What I Learned From a Phone Call with My Dad


If there is one word I might choose to describe January it would be: refocus.  It's been a relatively slow and quiet month here; something I so desperately needed.  I hardly picked up my camera and all but ditched social media.  It's renewing to take a break from all the hustle and online advertising.  I feel like I've been able to reprioritize and rebalance my life.  It doesn't mean I have it all together.  No!  Haha.  That will never happen.  But it does mean that I feel a sense of calm and contentment I haven't felt in quite a while.

If you've been following along here over the last couple of months, you might have picked up on the fact that I've been feeling overwhelmed and stressed.  In a constant state of go, go, go, I've been wearing myself thin!

Then my dad called last week.  I am a version of him in so many ways.  We talked for an hour and twenty two minutes.  It was so fun to talk with him.  He said exactly what I needed to hear in exactly the way I needed it.  I got off the phone and happy cried.

He described the kind of person he used to be thirty years ago; it was like he was describing the male version of me!  Growing up, my dad always had a project: building a car, building an airplane, building a boat.  He remembered getting about ten or twenty minutes in to fixing this fender on the car when my mom popped into the garage.  Dinner was ready.  Us kids needed his attention.  And my dad would think, "Geez!  Why can't you people just be self sufficient for twenty more minutes?!"

My thoughts have echoed his more times than I can count!  I just want to get something done from start to finish without being interrupted.  Is it too much to ask?  Well, yes, it is.

My dad then went on to explain about his current project, a boat.  In his mind, he figured it would take about three years to restore.  Well, it's been seven years and it looks like it'll take about three more to finish it.  A three year project turned into a ten year project.  In the mean time, however, he remarried and has been coaching basketball every year.  Coaching has taken him away from the boat, but his time has been used in a much better way by making differences (big and small) in children's lives.

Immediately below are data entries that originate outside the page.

(* Assume $R_1(i)\neq0$ for $2\le i\le I-1$, $R_2(j)\neq0$ for $2\le j\le J-1$, and that $\alpha,\beta\in\mathbb R$ satisfy $(\alpha+1)R_1(I-1)+(\eta_{1,I-1}^n-\epsilon_1)\neq0$ and $(\beta-1)R_2(2)+(\eta_{2,2}^n+\epsilon_2)\neq0$. Let $(e_1^m,e_2^m)_{m\ge0}$ be the error iterates of the linearized implicit Schwarz iteration for the Burgers equations with the Robin-type (optimized) interface condition defined below. Then, with $$\bar\rho=-\frac{(\alpha+1)(\eta_{2,2}^n+\epsilon_2)-R_2(2)}{(\alpha+1)R_1(I-1)+\eta_{1,I-1}^n-\epsilon_1}\cdot\frac{(\beta-1)(\eta_{1,I-1}^n-\epsilon_1)-R_1(I-1)}{(\beta-1)R_2(2)+\eta_{2,2}^n+\epsilon_2},$$ one has, for every $m\ge1$, $e_{1,i}^{m+2}=\bar\rho\,e_{1,i}^m$ for all $1\le i\le I$ and $e_{2,j}^{m+2}=\bar\rho\,e_{2,j}^m$ for all $1\le j\le J$.
   Context: Setting (implicit scheme, node-dependent linearized advection). Integers $I,J\ge3$; grid 1 has nodes $1,\dots,I$, grid 2 has nodes $1,\dots,J$, with node $I-1$ of grid 1 coinciding with node 1 of grid 2 and node $I$ of grid 1 coinciding with node 2 of grid 2. Real constants $\epsilon_k,\gamma_k$ and real numbers $\eta_{1,i}^n$ ($2\le i\le I-1$), $\eta_{2,j}^n$ ($2\le j\le J-1$) are given. Define recursively $R_1(2)=1+2\epsilon_1+\gamma_1$, $R_1(i)=1+2\epsilon_1+\gamma_1+\dfrac{(\eta_{1,i-1}^n-\epsilon_1)(\eta_{1,i}^n+\epsilon_1)}{R_1(i-1)}$ for $i=3,\dots,I-1$; $R_2(J-1)=1+2\epsilon_2+\gamma_2$, $R_2(j)=1+2\epsilon_2+\gamma_2+\dfrac{(\eta_{2,j}^n-\epsilon_2)(\eta_{2,j+1}^n+\epsilon_2)}{R_2(j+1)}$ for $j=J-2,\dots,2$. Error iteration with optimized interface condition: $e_1^0\in\mathbb R^I$, $e_2^0\in\mathbb R^J$ arbitrary; for $m\ge1$: $e_{1,1}^m=0$; $-(\eta_{1,i}^n+\epsilon_1)e_{1,i-1}^m+(1+2\epsilon_1+\gamma_1)e_{1,i}^m+(\eta_{1,i}^n-\epsilon_1)e_{1,i+1}^m=0$ for $2\le i\le I-1$; $(e_{1,I}^m-e_{1,I-1}^m)+\alpha e_{1,I}^m=(e_{2,2}^{m-1}-e_{2,1}^{m-1})+\alpha e_{2,2}^{m-1}$; $e_{2,J}^m=0$; $-(\eta_{2,j}^n+\epsilon_2)e_{2,j-1}^m+(1+2\epsilon_2+\gamma_2)e_{2,j}^m+(\eta_{2,j}^n-\epsilon_2)e_{2,j+1}^m=0$ for $2\le j\le J-1$; $(e_{2,2}^m-e_{2,1}^m)+\beta e_{2,1}^m=(e_{1,I}^{m-1}-e_{1,I-1}^{m-1})+\beta e_{1,I-1}^{m-1}$. *)

theory Defs
  imports Main "HOL.Real"
begin

fun R1 :: "real \<Rightarrow> real \<Rightarrow> (nat \<Rightarrow> real) \<Rightarrow> nat \<Rightarrow> real" where
  "R1 eps gam eta i =
     (if i \<le> 2 then 1 + 2 * eps + gam
      else 1 + 2 * eps + gam + (eta (i - 1) - eps) * (eta i + eps) / R1 eps gam eta (i - 1))"

function R2 :: "real \<Rightarrow> real \<Rightarrow> (nat \<Rightarrow> real) \<Rightarrow> nat \<Rightarrow> nat \<Rightarrow> real" where
  "R2 eps gam eta J j =
     (if J - 1 \<le> j then 1 + 2 * eps + gam
      else 1 + 2 * eps + gam + (eta j - eps) * (eta (j + 1) + eps) / R2 eps gam eta J (j + 1))"
  by pat_completeness auto
termination
  by (relation "measure (\<lambda>(eps, gam, eta, J, j). J - j)") auto

end

theory Submission
  imports Defs
begin

text \<open>Gaussian elimination from the outer Dirichlet boundary (the Thomas algorithm) shows that
  every solution of the homogeneous discrete problem on a subdomain is fixed by a single value
  at the interface, through factors that do not depend on the iteration index.  Hence the Robin
  condition makes the interface value of one subdomain a fixed multiple of the interface value
  of the other subdomain at the previous iteration, and two iterations multiply every entry by
  the product \<open>\<rho>\<close> of these two factors.\<close>

declare R1.simps[simp del] R2.simps[simp del]

definition left_homogeneous :: "real \<Rightarrow> real \<Rightarrow> (nat \<Rightarrow> real) \<Rightarrow> nat \<Rightarrow> (nat \<Rightarrow> real) \<Rightarrow> bool" where
  "left_homogeneous eps gam eta I e \<longleftrightarrow> e 1 = 0 \<and>
     (\<forall>i. 2 \<le> i \<and> i \<le> I - 1 \<longrightarrow>
        - (eta i + eps) * e (i - 1) + (1 + 2 * eps + gam) * e i + (eta i - eps) * e (i + 1) = 0)"

definition right_homogeneous :: "real \<Rightarrow> real \<Rightarrow> (nat \<Rightarrow> real) \<Rightarrow> nat \<Rightarrow> (nat \<Rightarrow> real) \<Rightarrow> bool" where
  "right_homogeneous eps gam eta J e \<longleftrightarrow> e J = 0 \<and>
     (\<forall>j. 2 \<le> j \<and> j \<le> J - 1 \<longrightarrow>
        - (eta j + eps) * e (j - 1) + (1 + 2 * eps + gam) * e j + (eta j - eps) * e (j + 1) = 0)"

lemma left_homogeneous_sweep:
  assumes hom: "left_homogeneous eps gam eta I e"
    and nz: "\<And>i. 2 \<le> i \<Longrightarrow> i \<le> I - 1 \<Longrightarrow> R1 eps gam eta i \<noteq> 0"
    and j: "2 \<le> j" "j \<le> I - 1"
  shows "R1 eps gam eta j * e j = - (eta j - eps) * e (j + 1)"
proof -
  have e1: "e 1 = 0"
    and eq: "\<And>i. 2 \<le> i \<Longrightarrow> i \<le> I - 1 \<Longrightarrow>
      - (eta i + eps) * e (i - 1) + (1 + 2 * eps + gam) * e i + (eta i - eps) * e (i + 1) = 0"
    using hom by (auto simp: left_homogeneous_def)
  show ?thesis
    using j(1) j
  proof (induction j rule: dec_induct)
    case base
    have "R1 eps gam eta 2 = 1 + 2 * eps + gam" by (simp add: R1.simps)
    with eq[of 2] base e1 show ?case by (simp add: algebra_simps)
  next
    case (step n)
    have IH: "R1 eps gam eta n * e n = - (eta n - eps) * e (n + 1)" using step by simp
    have Rn: "R1 eps gam eta n \<noteq> 0" using step nz by simp
    have R: "R1 eps gam eta (Suc n) = 1 + 2 * eps + gam
        + (eta n - eps) * (eta (Suc n) + eps) / R1 eps gam eta n"
      using step by (subst R1.simps) simp
    have en: "e n = - (eta n - eps) * e (n + 1) / R1 eps gam eta n"
      using IH Rn by (simp add: field_simps)
    have eq_n: "- (eta (Suc n) + eps) * e n + (1 + 2 * eps + gam) * e (Suc n)
        + (eta (Suc n) - eps) * e (Suc n + 1) = 0"
      using eq[of "Suc n"] step by simp
    show ?case unfolding R using eq_n en Rn by (simp add: field_simps)
  qed
qed

lemma right_homogeneous_sweep:
  assumes hom: "right_homogeneous eps gam eta J e" and "J \<ge> 3"
    and nz: "\<And>j. 2 \<le> j \<Longrightarrow> j \<le> J - 1 \<Longrightarrow> R2 eps gam eta J j \<noteq> 0"
    and j: "2 \<le> j" "j \<le> J - 1"
  shows "R2 eps gam eta J j * e j = (eta j + eps) * e (j - 1)"
proof -
  have eJ: "e J = 0"
    and eq: "\<And>j. 2 \<le> j \<Longrightarrow> j \<le> J - 1 \<Longrightarrow>
      - (eta j + eps) * e (j - 1) + (1 + 2 * eps + gam) * e j + (eta j - eps) * e (j + 1) = 0"
    using hom by (auto simp: right_homogeneous_def)
  show ?thesis
    using j(2) j
  proof (induction j rule: inc_induct)
    case base
    have "R2 eps gam eta J (J - 1) = 1 + 2 * eps + gam" by (simp add: R2.simps)
    moreover have "J - 1 + 1 = J" using \<open>J \<ge> 3\<close> by simp
    ultimately show ?case using eq[of "J - 1"] base eJ by (simp add: algebra_simps)
  next
    case (step n)
    have IH: "R2 eps gam eta J (Suc n) * e (Suc n) = (eta (Suc n) + eps) * e n"
      using step by simp
    have Rn: "R2 eps gam eta J (Suc n) \<noteq> 0" using step nz by simp
    have R: "R2 eps gam eta J n = 1 + 2 * eps + gam
        + (eta n - eps) * (eta (Suc n) + eps) / R2 eps gam eta J (Suc n)"
      using step by (subst R2.simps) simp
    have en: "e (Suc n) = (eta (Suc n) + eps) * e n / R2 eps gam eta J (Suc n)"
      using IH Rn by (simp add: field_simps)
    have eq_n: "- (eta n + eps) * e (n - 1) + (1 + 2 * eps + gam) * e n
        + (eta n - eps) * e (Suc n) = 0"
      using eq[of n] step by simp
    show ?case unfolding R using eq_n en Rn by (simp add: field_simps)
  qed
qed

lemma proportional_downwards:
  fixes e f g :: "nat \<Rightarrow> real"
  assumes e: "\<And>i. lo \<le> i \<Longrightarrow> i < hi \<Longrightarrow> e i = g i * e (Suc i)"
    and f: "\<And>i. lo \<le> i \<Longrightarrow> i < hi \<Longrightarrow> f i = g i * f (Suc i)"
    and top: "e hi = c * f hi" and "lo \<le> i" "i \<le> hi"
  shows "e i = c * f i"
  using \<open>i \<le> hi\<close> \<open>lo \<le> i\<close>
proof (induction i rule: inc_induct)
  case (step n)
  then show ?case using e[of n] f[of n] by simp
qed (rule top)

lemma proportional_upwards:
  fixes e f g :: "nat \<Rightarrow> real"
  assumes e: "\<And>j. lo \<le> j \<Longrightarrow> j < hi \<Longrightarrow> e (Suc j) = g j * e j"
    and f: "\<And>j. lo \<le> j \<Longrightarrow> j < hi \<Longrightarrow> f (Suc j) = g j * f j"
    and bottom: "e lo = c * f lo" and "lo \<le> j" "j \<le> hi"
  shows "e j = c * f j"
  using \<open>lo \<le> j\<close> \<open>j \<le> hi\<close>
proof (induction j rule: dec_induct)
  case (step n)
  then show ?case using e[of n] f[of n] by simp
qed (rule bottom)

lemma left_homogeneous_proportional:
  assumes he: "left_homogeneous eps gam eta I e" and hf: "left_homogeneous eps gam eta I f"
    and nz: "\<And>i. 2 \<le> i \<Longrightarrow> i \<le> I - 1 \<Longrightarrow> R1 eps gam eta i \<noteq> 0"
    and top: "e I = c * f I" and i: "1 \<le> i" "i \<le> I"
  shows "e i = c * f i"
proof (cases "i = 1")
  case True
  then show ?thesis using he hf by (simp add: left_homogeneous_def)
next
  case False
  let ?g = "\<lambda>i. - (eta i - eps) / R1 eps gam eta i"
  have sweep: "x n = ?g n * x (Suc n)"
    if "left_homogeneous eps gam eta I x" "2 \<le> n" "n < I" for x n
    using left_homogeneous_sweep[OF that(1) nz, of n] nz[of n] that(2,3) by (simp add: field_simps)
  show ?thesis
  proof (rule proportional_downwards[where g = ?g])
    show "e n = ?g n * e (Suc n)" if "2 \<le> n" "n < I" for n using sweep[OF he that] .
    show "f n = ?g n * f (Suc n)" if "2 \<le> n" "n < I" for n using sweep[OF hf that] .
  qed (use top False i in auto)
qed

lemma right_homogeneous_proportional:
  assumes he: "right_homogeneous eps gam eta J e" and hf: "right_homogeneous eps gam eta J f"
    and "J \<ge> 3"
    and nz: "\<And>j. 2 \<le> j \<Longrightarrow> j \<le> J - 1 \<Longrightarrow> R2 eps gam eta J j \<noteq> 0"
    and bottom: "e 1 = c * f 1" and j: "1 \<le> j" "j \<le> J"
  shows "e j = c * f j"
proof (cases "j = J")
  case True
  then show ?thesis using he hf by (simp add: right_homogeneous_def)
next
  case False
  let ?g = "\<lambda>j. (eta (Suc j) + eps) / R2 eps gam eta J (Suc j)"
  have sweep: "x (Suc n) = ?g n * x n"
    if "right_homogeneous eps gam eta J x" "1 \<le> n" "n < J - 1" for x n
    using right_homogeneous_sweep[OF that(1) \<open>J \<ge> 3\<close> nz, of "Suc n"] nz[of "Suc n"] that(2,3)
    by (simp add: field_simps)
  show ?thesis
  proof (rule proportional_upwards[where g = ?g])
    show "e (Suc n) = ?g n * e n" if "1 \<le> n" "n < J - 1" for n using sweep[OF he that] .
    show "f (Suc n) = ?g n * f n" if "1 \<le> n" "n < J - 1" for n using sweep[OF hf that] .
  qed (use bottom False j in auto)
qed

Time is about people.  It's not about ourselves.

So when that home organization project that I think should only take two weeks to complete actually takes eight, it's okay.  If it takes me an extra year to finally put Conrad's baby book together, it's okay.  It really doesn't matter in the grand scheme of things.  It's okay to plug along at a snail's pace.  It'll get done... eventually.  And in the mean time, I'm caring for those people in my life I love most.  That's where my time really matters.

Aww, I love my dad.  I knew all this, but for some reason, I didn't feel validated in my thoughts and feelings.  Sometimes it just takes a special someone who truly understands to make it all click.  It was exactly what I needed to hear.  I am now giving myself permission to slow down and just be present.  Life is good again.  Thanks for the wisdom, Dad.